### Directions
Find each line below containing the word "True" and copy it.

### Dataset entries
=== Begin Enclosure ===
(* Let $N\ge1$. The group $\Phi_N$ is generated by $U=\{A^N,B^N\}\cup\{A^iB^jCB^{-j}A^{-i}:0\le i,j\le N-1\}$. Moreover, $\Phi_N$ has the presentation with generators $a,b,T_{i,j}$ ($0\le i,j\le N-1$), corresponding to $A^N$, $B^N$ and $A^iB^jCB^{-j}A^{-i}$ respectively, and the single relation $$aba^{-1}b^{-1}=\prod_{i=0}^{N-1}\prod_{j=0}^{N-1}T_{N-1-i,j},$$ the product being ordered with $i$ increasing in the outer product and $j$ increasing in the inner product.
   Context: Let $\bar\Gamma(2)=\Gamma(2)/\{\pm1\}\subset\mathrm{PSL}_2(\mathbb{Z})$, freely generated by the classes $A$ of $\begin{pmatrix}1&2\\0&1\end{pmatrix}$ and $B$ of $\begin{pmatrix}1&0\\2&1\end{pmatrix}$; $C=ABA^{-1}B^{-1}$. $\Phi_N$ is the kernel of the homomorphism $\bar\Gamma(2)\to(\mathbb{Z}/N\mathbb{Z})^2$ sending $A\mapsto(1,0)$ and $B\mapsto(0,1)$. *)

theory Defs
  imports "HOL-Algebra.Algebra"
begin

text \<open>A word is a list of letters (g, e); e = False means g, e = True means g inverse.\<close>

fun red :: "('g \<times> bool) list \<Rightarrow> ('g \<times> bool) list" where
  "red [] = []"
| "red (x # xs) =
     (case red xs of
        [] \<Rightarrow> [x]
      | y # ys \<Rightarrow> (if fst y = fst x \<and> snd y \<noteq> snd x then ys else x # y # ys))"

definition free_group_on :: "'g set \<Rightarrow> ('g \<times> bool) list monoid" where
  "free_group_on S =
     \<lparr> carrier = {w. red w = w \<and> fst ` set w \<subseteq> S},
       monoid.mult = (\<lambda>x y. red (x @ y)),
       one = [] \<rparr>"

definition gen_word :: "'g \<Rightarrow> ('g \<times> bool) list" where
  "gen_word g = [(g, False)]"

definition lprod :: "('a, 'b) monoid_scheme \<Rightarrow> 'a list \<Rightarrow> 'a" where
  "lprod G xs = foldr (\<lambda>x acc. x \<otimes>\<^bsub>G\<^esub> acc) xs \<one>\<^bsub>G\<^esub>"

definition free_ext :: "('a, 'b) monoid_scheme \<Rightarrow> ('g \<Rightarrow> 'a) \<Rightarrow> ('g \<times> bool) list \<Rightarrow> 'a" where
  "free_ext G f w = lprod G (map (\<lambda>(g, e). if e then inv\<^bsub>G\<^esub> (f g) else f g) w)"

definition normal_closure :: "('a, 'b) monoid_scheme \<Rightarrow> 'a set \<Rightarrow> 'a set" where
  "normal_closure G S =
     generate G {g \<otimes>\<^bsub>G\<^esub> s \<otimes>\<^bsub>G\<^esub> inv\<^bsub>G\<^esub> g | g s. g \<in> carrier G \<and> s \<in> S}"

section \<open>\<Gamma>(2) bar, realised as the free group on A, B\<close>

datatype ab = GA | GB

definition Gamma2 :: "(ab \<times> bool) list monoid" where
  "Gamma2 = free_group_on UNIV"

abbreviation Amat :: "(ab \<times> bool) list" where "Amat \<equiv> gen_word GA"
abbreviation Bmat :: "(ab \<times> bool) list" where "Bmat \<equiv> gen_word GB"

definition Cmat :: "(ab \<times> bool) list" where
  "Cmat = Amat \<otimes>\<^bsub>Gamma2\<^esub> Bmat \<otimes>\<^bsub>Gamma2\<^esub> inv\<^bsub>Gamma2\<^esub> Amat \<otimes>\<^bsub>Gamma2\<^esub> inv\<^bsub>Gamma2\<^esub> Bmat"

definition expsum :: "'g \<Rightarrow> ('g \<times> bool) list \<Rightarrow> int" where
  "expsum g w = (\<Sum>x\<leftarrow>w. if fst x = g then (if snd x then -1 else 1) else 0)"

text \<open>The homomorphism \<Gamma>(2) bar \<rightarrow> (Z/NZ)^2, A \<mapsto> (1,0), B \<mapsto> (0,1), written
  explicitly (residues represented in {0..N-1}); Phi N is its kernel.\<close>
definition to_ZN2 :: "nat \<Rightarrow> (ab \<times> bool) list \<Rightarrow> int \<times> int" where
  "to_ZN2 N w = (expsum GA w mod int N, expsum GB w mod int N)"

definition Phi :: "nat \<Rightarrow> (ab \<times> bool) list set" where
  "Phi N = {w \<in> carrier Gamma2. to_ZN2 N w = (0, 0)}"

definition Tconj :: "nat \<Rightarrow> nat \<Rightarrow> (ab \<times> bool) list" where
  "Tconj i j = Amat [^]\<^bsub>Gamma2\<^esub> i \<otimes>\<^bsub>Gamma2\<^esub> Bmat [^]\<^bsub>Gamma2\<^esub> j \<otimes>\<^bsub>Gamma2\<^esub> Cmat
     \<otimes>\<^bsub>Gamma2\<^esub> inv\<^bsub>Gamma2\<^esub> (Bmat [^]\<^bsub>Gamma2\<^esub> j) \<otimes>\<^bsub>Gamma2\<^esub> inv\<^bsub>Gamma2\<^esub> (Amat [^]\<^bsub>Gamma2\<^esub> i)"

definition genU :: "nat \<Rightarrow> (ab \<times> bool) list set" where
  "genU N = {Amat [^]\<^bsub>Gamma2\<^esub> N, Bmat [^]\<^bsub>Gamma2\<^esub> N}
            \<union> {Tconj i j | i j. i < N \<and> j < N}"

datatype pgen = Pa | Pb | PT nat nat

definition pgens :: "nat \<Rightarrow> pgen set" where
  "pgens N = {Pa, Pb} \<union> {PT i j | i j. i < N \<and> j < N}"

definition PF :: "nat \<Rightarrow> (pgen \<times> bool) list monoid" where
  "PF N = free_group_on (pgens N)"

definition pgen_img :: "nat \<Rightarrow> pgen \<Rightarrow> (ab \<times> bool) list" where
  "pgen_img N g = (case g of Pa \<Rightarrow> Amat [^]\<^bsub>Gamma2\<^esub> N | Pb \<Rightarrow> Bmat [^]\<^bsub>Gamma2\<^esub> N | PT i j \<Rightarrow> Tconj i j)"

definition pres_map :: "nat \<Rightarrow> (pgen \<times> bool) list \<Rightarrow> (ab \<times> bool) list" where
  "pres_map N = free_ext Gamma2 (pgen_img N)"

definition relator :: "nat \<Rightarrow> (pgen \<times> bool) list" where
  "relator N =
    (let F = PF N; a = gen_word Pa; b = gen_word Pb;
         P = lprod F (concat (map (\<lambda>i. map (\<lambda>j. gen_word (PT (N - 1 - i) j)) [0..<N]) [0..<N]))
     in a \<otimes>\<^bsub>F\<^esub> b \<otimes>\<^bsub>F\<^esub> inv\<^bsub>F\<^esub> a \<otimes>\<^bsub>F\<^esub> inv\<^bsub>F\<^esub> b \<otimes>\<^bsub>F\<^esub> inv\<^bsub>F\<^esub> P)"

end

theory Submission
  imports Defs "HOL-Library.Product_Plus"
begin

text \<open>
  \<Phi>_N is the kernel of the map from the free group on A, B onto (Z/N)^2, and the words A^i B^j
  (0 \<le> i, j < N) form a Schreier transversal. Every Schreier generator is trivial, or by the
  identities [A, B^j] = (B^0 C B^-0) ... (B^(j-1) C B^-(j-1)) and
  [A^i, B^N] = (A^(i-1) [A, B^N] A^-(i-1)) ... (A^0 [A, B^N] A^-0), a product of A^N, B^N and the
  T_(i,j); so these elements generate \<Phi>_N.

  For the presentation let Q be the group presented by a, b, T_(i,j) and the relator. Writing the
  Schreier generators in Q through the same identities, the Reidemeister rewriting process becomes a
  homomorphism \<Phi>_N \<rightarrow> Q with A^N \<mapsto> a, B^N \<mapsto> b, T_(i,j) \<mapsto> T_(i,j); the relator is needed
  exactly at the corner position (N-1, N-1). Composed with the map to \<Phi>_N this is the projection
  onto Q, so the kernel of that map is the normal closure of the relator.
\<close>

lemma lprod_Nil [simp]: "lprod G [] = \<one>\<^bsub>G\<^esub>"
  by (simp add: lprod_def)

lemma lprod_Cons [simp]: "lprod G (x # xs) = x \<otimes>\<^bsub>G\<^esub> lprod G xs"
  by (simp add: lprod_def)

definition row_prod :: "('a, 'b) monoid_scheme \<Rightarrow> (nat \<Rightarrow> nat \<Rightarrow> 'a) \<Rightarrow> nat \<Rightarrow> nat \<Rightarrow> 'a" where
  "row_prod G t i j = lprod G (map (t i) [0..<j])"

definition rows_prod :: "('a, 'b) monoid_scheme \<Rightarrow> nat \<Rightarrow> (nat \<Rightarrow> nat \<Rightarrow> 'a) \<Rightarrow> nat \<Rightarrow> 'a" where
  "rows_prod G n t i = lprod G (concat (map (\<lambda>m. map (t m) [0..<n]) (rev [0..<i])))"

lemma rows_prod_cong:
  "(\<And>m k. m < i \<Longrightarrow> k < n \<Longrightarrow> t m k = t' m k) \<Longrightarrow> rows_prod G n t i = rows_prod G n t' i"
  unfolding rows_prod_def by (intro arg_cong[where f = "lprod G"] arg_cong[where f = concat] map_cong) auto

context group
begin

lemma inv_cancel_left [simp]: "x \<in> carrier G \<Longrightarrow> y \<in> carrier G \<Longrightarrow> inv x \<otimes> (x \<otimes> y) = y"
  by (simp add: m_assoc[symmetric])

lemma inv_cancel_left2 [simp]: "x \<in> carrier G \<Longrightarrow> y \<in> carrier G \<Longrightarrow> x \<otimes> (inv x \<otimes> y) = y"
  by (simp add: m_assoc[symmetric])

lemma lprod_closed [intro, simp]: "set xs \<subseteq> carrier G \<Longrightarrow> lprod G xs \<in> carrier G"
  by (induct xs) auto

lemma lprod_append:
  "set xs \<subseteq> carrier G \<Longrightarrow> set ys \<subseteq> carrier G \<Longrightarrow> lprod G (xs @ ys) = lprod G xs \<otimes> lprod G ys"
  by (induct xs) (auto simp: m_assoc)

lemma lprod_conj:
  assumes "x \<in> carrier G" "set xs \<subseteq> carrier G"
  shows "x \<otimes> lprod G xs \<otimes> inv x = lprod G (map (\<lambda>y. x \<otimes> y \<otimes> inv x) xs)"
  using assms(2)
proof (induct xs)
  case Nil
  then show ?case using assms(1) by simp
next
  case (Cons y xs)
  have "x \<otimes> lprod G (y # xs) \<otimes> inv x = (x \<otimes> y \<otimes> inv x) \<otimes> (x \<otimes> lprod G xs \<otimes> inv x)"
    using Cons.prems assms(1) by (simp add: m_assoc)
  with Cons show ?case by simp
qed

lemma lprod_in_subgroup: "subgroup H G \<Longrightarrow> set xs \<subseteq> H \<Longrightarrow> lprod G xs \<in> H"
  by (induct xs) (auto intro: subgroup.one_closed subgroup.m_closed)

lemma row_prod_0 [simp]: "row_prod G t i 0 = \<one>"
  by (simp add: row_prod_def)

lemma row_prod_closed [simp]: "(\<And>a b. t a b \<in> carrier G) \<Longrightarrow> row_prod G t i j \<in> carrier G"
  by (simp add: row_prod_def image_subset_iff)

lemma row_prod_Suc: "(\<And>a b. t a b \<in> carrier G) \<Longrightarrow> row_prod G t i (Suc j) = row_prod G t i j \<otimes> t i j"
  by (simp add: row_prod_def lprod_append image_subset_iff)

lemma rows_prod_0 [simp]: "rows_prod G n t 0 = \<one>"
  by (simp add: rows_prod_def)

lemma rows_prod_closed [simp]: "(\<And>a b. t a b \<in> carrier G) \<Longrightarrow> rows_prod G n t i \<in> carrier G"
  unfolding rows_prod_def by (rule lprod_closed) auto

lemma rows_prod_Suc:
  "(\<And>a b. t a b \<in> carrier G) \<Longrightarrow> rows_prod G n t (Suc i) = row_prod G t i n \<otimes> rows_prod G n t i"
  unfolding rows_prod_def row_prod_def by (simp, rule lprod_append) auto

lemma commutator_pow_right:
  assumes a: "a \<in> carrier G" and b: "b \<in> carrier G"
  shows "a \<otimes> b [^] n \<otimes> inv a \<otimes> inv (b [^] n) =
         lprod G (map (\<lambda>k. b [^] k \<otimes> (a \<otimes> b \<otimes> inv a \<otimes> inv b) \<otimes> inv (b [^] k)) [0..<n])"
proof (induct n)
  case 0
  then show ?case using a by simp
next
  case (Suc n)
  have "lprod G (map (\<lambda>k. b [^] k \<otimes> (a \<otimes> b \<otimes> inv a \<otimes> inv b) \<otimes> inv (b [^] k)) [0..<Suc n])
      = (a \<otimes> b [^] n \<otimes> inv a \<otimes> inv (b [^] n)) \<otimes> (b [^] n \<otimes> (a \<otimes> b \<otimes> inv a \<otimes> inv b) \<otimes> inv (b [^] n))"
    using a b Suc by (simp add: lprod_append image_subset_iff)
  also have "\<dots> = a \<otimes> b [^] Suc n \<otimes> inv a \<otimes> inv (b [^] Suc n)"
    using a b by (simp add: m_assoc inv_mult_group)
  finally show ?case by simp
qed
text \<open>Comparing with the single competitor \<open>k\<close> in the normaliser; raising the ratio to a power
  \<open>s \<le> 1\<close> keeps the bound since the posterior is at most one.\<close>
lemma post_le_exp_log_weight_diff:
  assumes m: "m \<in> {1..G}" and k: "k \<in> {1..G}" and s: "0 < s" "s \<le> 1"
  shows "post xi m \<le> exp (s * (log_weight xi m - log_weight xi k))"
proof (cases "log_weight xi m \<le> log_weight xi k")
  case True
  have "post xi m \<le> exp (log_weight xi m) / exp (log_weight xi k)"
    unfolding post_eq using member_le_sum[OF k, of "\<lambda>k. exp (log_weight xi k)"]
      sum_exp_log_weight_pos[of xi]
    by (intro divide_left_mono) (auto intro: mult_pos_pos)
  also have "\<dots> = exp (log_weight xi m - log_weight xi k)" by (simp add: exp_diff)
  also have "\<dots> \<le> exp (s * (log_weight xi m - log_weight xi k))"
    using True s mult_left_le_one_le[of "log_weight xi k - log_weight xi m" s]
    by (simp add: algebra_simps)
  finally show ?thesis .
next
  case False
  then show ?thesis using post_le_1[OF m, of xi] s by (smt (verit) one_le_exp_iff zero_less_mult_iff)
qed

lemma log_weight_diff:
  "k \<le> m \<Longrightarrow> log_weight xi m - log_weight xi k
     = (\<Sum>j\<in>{k<..m}. shrink j * (signal j + xi j)\<^sup>2)/2 - 3*C*(real m - real k)/2"
  unfolding log_weight_def by (subst sum_atLeastAtMost_split[of k m]) (simp_all add: field_simps)

subsection \<open>Tail bounds for the posterior of the dimension\<close>

lemma missed_signal_below_m_minus:
  assumes m: "1 \<le> m" "m < m_minus"
  shows "(8*L*C - 1) * Phi_min \<le> d/(1+d) * (\<Sum>j\<in>{m<..m_circ}. sqd j)"
proof -
  define D where "D = d/(1+d)"
  have D: "0 < D" "D \<le> 1" using d_pos by (auto simp: D_def)
  have "0 < d + d*d" using d_pos mult_pos_pos[OF d_pos d_pos] by linarith
  then have "D * (1+1/d) = 1"
    unfolding D_def using d_pos by (simp add: field_simps)
  moreover have "D * bias_threshold = (D * (1+1/d)) * (8*L*C*Phi_min)"
    unfolding bias_threshold_def by (simp only: mult_ac)
  ultimately have D_threshold: "D * bias_threshold = 8*L*C*Phi_min" by simp
  have "D * Phi_min \<le> Phi_min" using D Phi_min_pos by (simp add: mult_left_le_one_le)
  then have "(8*L*C - 1) * Phi_min \<le> D * (bias_threshold - Phi_min)"
    unfolding right_diff_distrib left_diff_distrib D_threshold by simp
  also have "\<dots> \<le> D * (\<Sum>j\<in>{m<..m_circ}. sqd j)"
    using bias_below_m_minus[OF m] bias_m_circ_le bias_split[of m m_circ] m m_minus_le_m_circ D
    by (intro mult_left_mono) auto
  finally show ?thesis by (simp add: D_def)
qed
=== End Enclosure ===
### Exercise answer
text \<open>A word is a list of letters (g, e); e = False means g, e = True means g inverse.\<close>
  case True
    using True s mult_left_le_one_le[of "log_weight xi k - log_weight xi m" s]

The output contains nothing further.